We were slated to go in on Monday using the services of Pine Creek Pack station, but that day was stormy and unsettled so we delayed a day – much to the joy of Cricket, the packer, who had just come out from a big storm in French Canyon. We were on the trail early and made short work of the 11.5 miles over to beautiful Rae Lakes. Here we waited for Cricket to show with our packs. He finally arrived tired and sore with his horse Leroy limping after cutting a fetlock on the descent from Glenn Pass.

So we shouldered the packs for just an hour over into Sixty Lakes Basin and set up camp just as two Bighorn Sheep rams crossed the ridge behind us. They had no fear and not a lot of curiosity about us. Too many other more important things to do.

Next day we set off about 6.30 to Clarence King. This was about a 10.5 hour day up the southwest side and back the same way. First climbed by Bolton Brown in 1896 and at that time was probably the hardest climb in North America with a 5.4 summit block. The summit is a superb gently sloping block with spectacular drops all around.

Day three was a similar get up when you wake up day and we headed over to Mount Gardiner. From CK the approach looked like ugly talus but it turned out to be pretty solid and the NE gave delightful scrambling. The last 300 feet to the summit is a genuine knife edge and once again we used the rope for security. Back down the same way we went and took a high line back to Sixty Lakes Pass and along the way discovered a superb wall of clean grey granite studded with black chickenheads allover.
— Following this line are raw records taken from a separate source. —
lemma infsum_adjacent_eq_sum:
  fixes g :: "(int ^ 'd) \<times> (int ^ 'd) \<Rightarrow> real"
  assumes "finite T" and "\<And>y z. adjacent y z \<Longrightarrow> y \<notin> T \<Longrightarrow> g (y, z) = 0"
  shows "infsum g {(y, z). adjacent y z} = (\<Sum>y\<in>T. \<Sum>u\<in>unit_steps. g (y, y + u))"
proof -
  let ?B = "(\<lambda>(y, u). (y, y + u)) ` (T \<times> unit_steps)"
  have inj: "inj_on (\<lambda>(y, u). (y, y + u)) (T \<times> unit_steps)"
    by (auto simp: inj_on_def)
  have "?B \<subseteq> {(y, z). adjacent y z}"
    by (auto simp: adjacent_iff_diff_unit_step)
  moreover have "g p = 0" if "p \<in> {(y, z). adjacent y z} - ?B" for p
  proof -
    obtain y z where p: "p = (y, z)"
      by (cases p)
    with that have adj: "adjacent y z"
      by simp
    have "y \<notin> T"
    proof
      assume "y \<in> T"
      then have "(y, z) \<in> ?B"
        using adj by (auto simp: adjacent_iff_diff_unit_step intro!: rev_image_eqI[of "(y, z - y)"])
      with that p show False
        by simp
    qed
    then show ?thesis
      using assms(2) adj p by simp
  qed
  ultimately have "infsum g {(y, z). adjacent y z} = infsum g ?B"
    by (intro infsum_cong_neutral) auto
  also have "\<dots> = sum g ?B"
    using assms(1) by (intro infsum_finite) simp
  also have "\<dots> = (\<Sum>(y, u)\<in>T \<times> unit_steps. g (y, y + u))"
    by (subst sum.reindex[OF inj]) (simp add: case_prod_unfold)
  finally show ?thesis
    by (simp add: sum.cartesian_product)
qed
(* Every weakly sparse class of finite graphs with bounded $\mathrm{mw}_3$ has bounded star chromatic number.
   Context: A class of graphs is weakly sparse if there exists $t$ such that no graph in the class contains $K_{t,t}$ as a (not necessarily induced) subgraph. The star chromatic number is the minimum number of colors in a proper vertex coloring in which every two color classes induce a star forest. Merge-width of a graph $G=(V,E)$: with $(V)_2=\{(u,v)\in V^2:u\ne v\}$ and $AB=\{(u,v)\in A\times B:u\neq v\}$, a merge-sequence is $\Sigma=((\mathcal P_1,R_1),\dots,(\mathcal P_m,R_m))$ with partitions $\mathcal P_i$ of $V$, $\mathcal P_{i-1}$ refining $\mathcal P_i$, $\mathcal P_1$ singletons, $\mathcal P_m=\{V\}$; $R_1\subseteq\dots\subseteq R_m=(V)_2$; for all $i$ and $P,Q\in\mathcal P_i$, either $PQ\setminus R_i\subseteq E$ or $(PQ\setminus R_i)\cap E=\emptyset$. $\mathrm{width}_r(\Sigma)=\max_{2\le i\le m}\max_v|\{P\in\mathcal P_{i-1}:\mathrm{dist}_{R_i}(v,P)\le r\}|$ (distance in the undirected graph $(V,R_i)$); $\mathrm{mw}_r(G)=\min_\Sigma\mathrm{width}_r(\Sigma)$. *)

theory Defs
  imports Main "HOL-Library.Disjoint_Sets"
begin

definition offdiag :: "'a set \<Rightarrow> 'a set \<Rightarrow> ('a \<times> 'a) set" where
  "offdiag A B = {(u, v). u \<in> A \<and> v \<in> B \<and> u \<noteq> v}"

definition fin_graph :: "'a set \<times> ('a \<times> 'a) set \<Rightarrow> bool" where
  "fin_graph G \<longleftrightarrow> finite (fst G) \<and> snd G \<subseteq> offdiag (fst G) (fst G) \<and> sym (snd G)"

definition contains_Ktt :: "'a set \<times> ('a \<times> 'a) set \<Rightarrow> nat \<Rightarrow> bool" where
  "contains_Ktt G t \<longleftrightarrow> (\<exists>A B. A \<subseteq> fst G \<and> B \<subseteq> fst G \<and> A \<inter> B = {} \<and>
      card A = t \<and> card B = t \<and> finite A \<and> finite B \<and> (\<forall>a\<in>A. \<forall>b\<in>B. (a, b) \<in> snd G))"

definition weakly_sparse :: "('a set \<times> ('a \<times> 'a) set) set \<Rightarrow> bool" where
  "weakly_sparse \<C> \<longleftrightarrow> (\<exists>t. \<forall>G\<in>\<C>. \<not> contains_Ktt G t)"

text \<open>A star forest: every connected component is a star, i.e. for every vertex v
there is a centre c such that every edge in the component of v is incident with c.\<close>
definition star_forest :: "('a \<times> 'a) set \<Rightarrow> bool" where
  "star_forest F \<longleftrightarrow> (\<forall>v. \<exists>c. \<forall>x y. (x, y) \<in> F \<and> (v, x) \<in> F\<^sup>* \<longrightarrow> x = c \<or> y = c)"

definition star_coloring :: "'a set \<times> ('a \<times> 'a) set \<Rightarrow> nat \<Rightarrow> ('a \<Rightarrow> nat) \<Rightarrow> bool" where
  "star_coloring G k col \<longleftrightarrow>
     (\<forall>v\<in>fst G. col v < k) \<and>
     (\<forall>(u, v)\<in>snd G. col u \<noteq> col v) \<and>
     (\<forall>i j. i \<noteq> j \<longrightarrow>
        (let S = {v \<in> fst G. col v = i \<or> col v = j} in star_forest (snd G \<inter> (S \<times> S))))"
lemma partition_on_eq_fibers:
  assumes P: "partition_on A P"
    and label: "\<And>B v. B \<in> P \<Longrightarrow> v \<in> B \<Longrightarrow> g B = h v" and inj: "inj_on g P"
  shows "P = (\<lambda>v. {w \<in> A. h w = h v}) ` A"
proof -
  have fiber: "B = {w \<in> A. h w = h v}" if B: "B \<in> P" "v \<in> B" for B v
  proof (intro set_eqI iffI)
    fix w assume "w \<in> B"
    then show "w \<in> {w \<in> A. h w = h v}"
      using label[OF B(1)] B partition_onD1[OF P] by (metis (mono_tags, lifting) UnionI mem_Collect_eq)
  next
    fix w assume "w \<in> {w \<in> A. h w = h v}"
    then obtain B' where B': "B' \<in> P" "w \<in> B'" "h w = h v"
      using partition_onD1[OF P] by blast
    then have "g B' = g B"
      using label B by metis
    then show "w \<in> B"
      using inj_onD[OF inj _ B'(1) B(1)] B'(2) by simp
  qed
  show ?thesis
  proof safe
    fix B assume "B \<in> P"
    then obtain v where "v \<in> B"
      using partition_onD3[OF P] by (metis equals0I)
    then show "B \<in> (\<lambda>v. {w \<in> A. h w = h v}) ` A"
      using fiber \<open>B \<in> P\<close> partition_onD1[OF P] by blast
  next
    fix v assume "v \<in> A"
    then obtain B where "B \<in> P" "v \<in> B"
      using partition_onD1[OF P] by blast
    then show "{w \<in> A. h w = h v} \<in> P"
      using fiber by simp
  qed
qed

lemma image_eq_inj_on_if_card_le:
  assumes "finite A" "B \<subseteq> f ` A" "card A \<le> card B"
  shows "B = f ` A \<and> inj_on f A"
proof -
  have "card B \<le> card (f ` A)" "card (f ` A) \<le> card A"
    using assms by (simp_all add: card_mono card_image_le)
  then have "card B = card (f ` A)" "card (f ` A) = card A"
    using assms(3) by simp_all
  then show ?thesis
    using card_subset_eq[OF finite_imageI[OF assms(1)] assms(2)] eq_card_imp_inj_on[OF assms(1)]
    by simp
qed

lemma card_involution_orbits:
  assumes fin: "finite T" and closed: "\<And>x. x \<in> T \<Longrightarrow> f x \<in> T" and invol: "\<And>x. f (f x) = x"
  shows "card T = 2 * card {{x, f x} | x. x \<in> T \<and> f x \<noteq> x} + card {x \<in> T. f x = x}"
proof -
  define orbits where "orbits = {{x, f x} | x. x \<in> T \<and> f x \<noteq> x}"
  have orbit_eq: "{x, f x} = {z, f z}" if "z \<in> {x, f x}" for x z
    using that invol by auto
  have moved: "\<Union>orbits = {x \<in> T. f x \<noteq> x}"
  proof
    show "\<Union>orbits \<subseteq> {x \<in> T. f x \<noteq> x}"
      unfolding orbits_def using closed invol by (auto simp: insert_commute)
    show "{x \<in> T. f x \<noteq> x} \<subseteq> \<Union>orbits"
      unfolding orbits_def by blast
  qed
  have "2 * card orbits = card (\<Union>orbits)"
  proof (rule card_partition)
    show "finite orbits"
      unfolding orbits_def using fin by simp
    show "finite (\<Union>orbits)"
      unfolding moved using fin by simp
    show "\<And>c. c \<in> orbits \<Longrightarrow> card c = 2"
      unfolding orbits_def by auto
    show "c1 \<inter> c2 = {}" if "c1 \<in> orbits" "c2 \<in> orbits" "c1 \<noteq> c2" for c1 c2
      using that orbit_eq unfolding orbits_def by blast
  qed
  moreover have "card T = card {x \<in> T. f x \<noteq> x} + card {x \<in> T. f x = x}"
    using fin by (subst card_Un_disjoint[symmetric]) (auto intro: arg_cong[where f = card])
  ultimately show ?thesis
    unfolding orbits_def[symmetric] moved by simp
qed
A flat ledge at the base completed the perfection. If only it was not two days to get here….

Day four we headed to the closest peak, Cotter. This also turned out to be a perfect scramble on great rock.The only fly in the ointment was that someone had stolen the summit register. This is now an issue on lots of Sierra Peaks. Proponents of  it claim it is litter or they are stolen for historical value. These registers are a link to the past and those who have gone before and are the history of our climbing community and brethren. When Linda and I climbed Black Kaweah one of the rewards was to see Norman Clyde’s entry alongside that of Walter Starr junior written in his own blood. Now it is stolen from everyone. Leave them there. They belong on the peaks not in a basement.
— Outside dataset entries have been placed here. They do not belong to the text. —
(* Let $E$ be a separable real Hilbert space with $\dim E\geq 2$ and let $1<p<\infty$. For a measure $\mu\in\mathcal{W}_p(E)$ the following are equivalent: (i) $\mu$ is a Dirac measure; (ii) every geodesic segment $\gamma\colon[0,T]\to\mathcal{W}_p(E)$ ($T>0$) with $\gamma(0)=\mu$ can be extended to a geodesic ray $\widetilde\gamma\colon[0,\infty)\to\mathcal{W}_p(E)$ (i.e. $\widetilde\gamma|_{[0,T]}=\gamma$).
   Context: For a complete separable metric space $(X,\rho)$ and $0<p<\infty$, $\mathcal{W}_p(X)$ is the set of Borel probability measures $\mu$ on $X$ with $\int_X\rho(x,\hat x)^p\,d\mu(x)<\infty$ for some (hence all) $\hat x\in X$, equipped with the $p$-Wasserstein distance $d_{\mathcal{W}_p}(\mu,\nu)=\big(\inf_{\pi\in\Pi(\mu,\nu)}\int_{X\times X}\rho(x,y)^p\,d\pi(x,y)\big)^{\min\{1/p,1\}}$, where $\Pi(\mu,\nu)$ is the set of Borel probability measures on $X\times X$ with marginals $\mu$ and $\nu$. On a Hilbert space $E$ the metric is $\rho(x,y)=\|x-y\|$. A geodesic is a map $\gamma\colon I\to\mathcal{W}_p(E)$, $I\subseteq\mathbb{R}$ a closed interval, with $d_{\mathcal{W}_p}(\gamma(s),\gamma(t))=|s-t|$ for all $s,t\in I$; it is a geodesic segment if $I=[0,T]$ for some $T>0$ and a geodesic ray if $I=[0,\infty)$. *)

theory Defs
  imports "HOL-Probability.Probability"
begin

text \<open>Borel probability measures on a metric space X with finite p-th moment
  (moment taken about the base point 0; for a normed space this is equivalent
  to "for some / all base points").\<close>
definition wasserstein_space :: "real \<Rightarrow> ('a::real_normed_vector) measure set" where
  "wasserstein_space p =
     {\<mu>. prob_space \<mu> \<and> sets \<mu> = sets borel \<and>
          (\<integral>\<^sup>+ x. ennreal (norm x powr p) \<partial>\<mu>) < \<infinity>}"

definition couplings :: "'a::topological_space measure \<Rightarrow> 'a measure \<Rightarrow> ('a \<times> 'a) measure set" where
  "couplings \<mu> \<nu> =
     {\<pi>. prob_space \<pi> \<and> sets \<pi> = sets (borel :: ('a \<times> 'a) measure) \<and>
          distr \<pi> borel fst = \<mu> \<and> distr \<pi> borel snd = \<nu>}"

definition wasserstein_dist :: "real \<Rightarrow> 'a::metric_space measure \<Rightarrow> 'a measure \<Rightarrow> real" where
  "wasserstein_dist p \<mu> \<nu> =
     enn2real (INF \<pi>\<in>couplings \<mu> \<nu>. \<integral>\<^sup>+ z. ennreal (dist (fst z) (snd z) powr p) \<partial>\<pi>)
       powr (min (1 / p) 1)"

definition wgeodesic :: "real \<Rightarrow> real set \<Rightarrow> (real \<Rightarrow> ('a::real_normed_vector) measure) \<Rightarrow> bool" where
  "wgeodesic p I \<gamma> \<longleftrightarrow>
     (\<forall>t\<in>I. \<gamma> t \<in> wasserstein_space p) \<and>
     (\<forall>s\<in>I. \<forall>t\<in>I. wasserstein_dist p (\<gamma> s) (\<gamma> t) = \<bar>s - t\<bar>)"

end

theory Submission
  imports Defs
begin
lemma sup_pos_diff_tendsto_0:
  assumes "uniform_limit {0<..} f g sequentially"
  shows "(\<lambda>k. sup_pos (\<lambda>t. f k t - g t)) \<longlonglongrightarrow> 0"
proof (rule LIMSEQ_I)
  fix e :: real assume "0 < e"
  then have "\<forall>\<^sub>F k in sequentially. \<forall>t\<in>{0<..}. dist (f k t) (g t) < e / 2"
    using assms by (intro uniform_limitD) auto
  then obtain N where N: "\<And>k t. N \<le> k \<Longrightarrow> 0 < t \<Longrightarrow> \<bar>f k t - g t\<bar> < e / 2"
    by (auto simp: eventually_sequentially dist_real_def)
  have "\<bar>sup_pos (\<lambda>t. f k t - g t)\<bar> < e" if "N \<le> k" for k
  proof -
    have "bounded ((\<lambda>t. f k t - g t) ` {0<..})"
      using N[OF that] by (auto simp: bounded_iff intro!: exI[of _ "e / 2"] less_imp_le)
    then have "0 \<le> sup_pos (\<lambda>t. f k t - g t)" by (rule sup_pos_nonneg)
    moreover have "sup_pos (\<lambda>t. f k t - g t) \<le> e / 2"
      using N[OF that] by (intro sup_pos_least less_imp_le)
    ultimately show ?thesis using \<open>0 < e\<close> by linarith
  qed
  then show "\<exists>N. \<forall>k\<ge>N. norm (sup_pos (\<lambda>t. f k t - g t) - 0) < e" by auto
qed

lemma bounded_image_pos:
  fixes g :: "real \<Rightarrow> real"
  assumes lim: "(g \<longlongrightarrow> L) (at_right 0)"
    and cont: "\<And>d. 0 < d \<Longrightarrow> continuous_on {d..R} g" and vanish: "\<forall>t>R. g t = 0"
  shows "bounded (g ` {0<..})"
proof -
  have "\<forall>\<^sub>F t in at_right 0. dist (g t) L < 1" using lim by (rule tendstoD) simp
  then obtain d where "0 < d" and near0: "\<And>t. 0 < t \<Longrightarrow> t < d \<Longrightarrow> dist (g t) L < 1"
    by (auto simp: eventually_at_right_field)
  have "bounded (g ` {0<..<d})"
    unfolding bounded_iff
    by (intro exI[of _ "\<bar>L\<bar> + 1"]) (force dest: near0 simp: dist_real_def)
  moreover have "bounded (g ` {d..R})"
    by (intro compact_imp_bounded compact_continuous_image cont \<open>0 < d\<close>) simp
  ultimately have "bounded (g ` {0<..<d} \<union> g ` {d..R} \<union> {0})" by simp
  moreover have "g ` {0<..} \<subseteq> g ` {0<..<d} \<union> g ` {d..R} \<union> {0}"
    using vanish by force
  ultimately show ?thesis by (rule bounded_subset)
qed

lemma ex_tendsto_uniform_limit:
  fixes f :: "nat \<Rightarrow> 'a \<Rightarrow> 'b::banach"
  assumes lim: "\<And>k. (f k \<longlongrightarrow> c k) F" and unif: "uniform_limit S f g sequentially"
    and ev: "\<forall>\<^sub>F x in F. x \<in> S" and "F \<noteq> bot"
  shows "\<exists>l. (g \<longlongrightarrow> l) F"
proof -
  have "uniformly_Cauchy_on S f"
    using unif by (intro uniformly_convergent_Cauchy uniformly_convergentI)
  have "Cauchy c"
  proof (rule CauchyI)
    fix e :: real assume "0 < e"
    then obtain M where M: "\<And>x m k. x \<in> S \<Longrightarrow> M \<le> m \<Longrightarrow> M \<le> k \<Longrightarrow> dist (f m x) (f k x) < e / 2"
      using \<open>uniformly_Cauchy_on S f\<close> unfolding uniformly_Cauchy_on_def by (meson half_gt_zero)
    have "norm (c m - c k) < e" if "M \<le> m" "M \<le> k" for m k
    proof -
      have "((\<lambda>x. dist (f m x) (f k x)) \<longlongrightarrow> dist (c m) (c k)) F"
        by (intro tendsto_dist lim)
      moreover have "\<forall>\<^sub>F x in F. dist (f m x) (f k x) \<le> e / 2"
        using ev by eventually_elim (use M that in \<open>auto intro: less_imp_le\<close>)
      ultimately have "dist (c m) (c k) \<le> e / 2"
        using \<open>F \<noteq> bot\<close> by (rule tendsto_upperbound)
      then show ?thesis using \<open>0 < e\<close> by (simp add: dist_norm)
    qed
    then show "\<exists>M. \<forall>m\<ge>M. \<forall>k\<ge>M. norm (c m - c k) < e" by blast
  qed
  then obtain l where "c \<longlonglongrightarrow> l" by (auto simp: Cauchy_convergent_iff convergent_def)
  then have "(g \<longlongrightarrow> l) F"
    by (rule swap_uniform_limit'[OF always_eventually[OF allI[OF lim]] _ unif ev]) simp
  then show ?thesis ..
qed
We were back in camp before 11.00am so we decided to start on out again over Glenn and Kearsarge Passes. We spent the night under whitebark pines and a bright half moon just shy of Kearsarge Pass and were down in time for breakfast at Jenny’s cafe in Independence.

All in all this was a perfect trip.Not a breath of wind for five days, clear perfect nights and day under the peerless cobalt skies of California. The clear green lakes and gleaming white granite. What else does anyone ever want?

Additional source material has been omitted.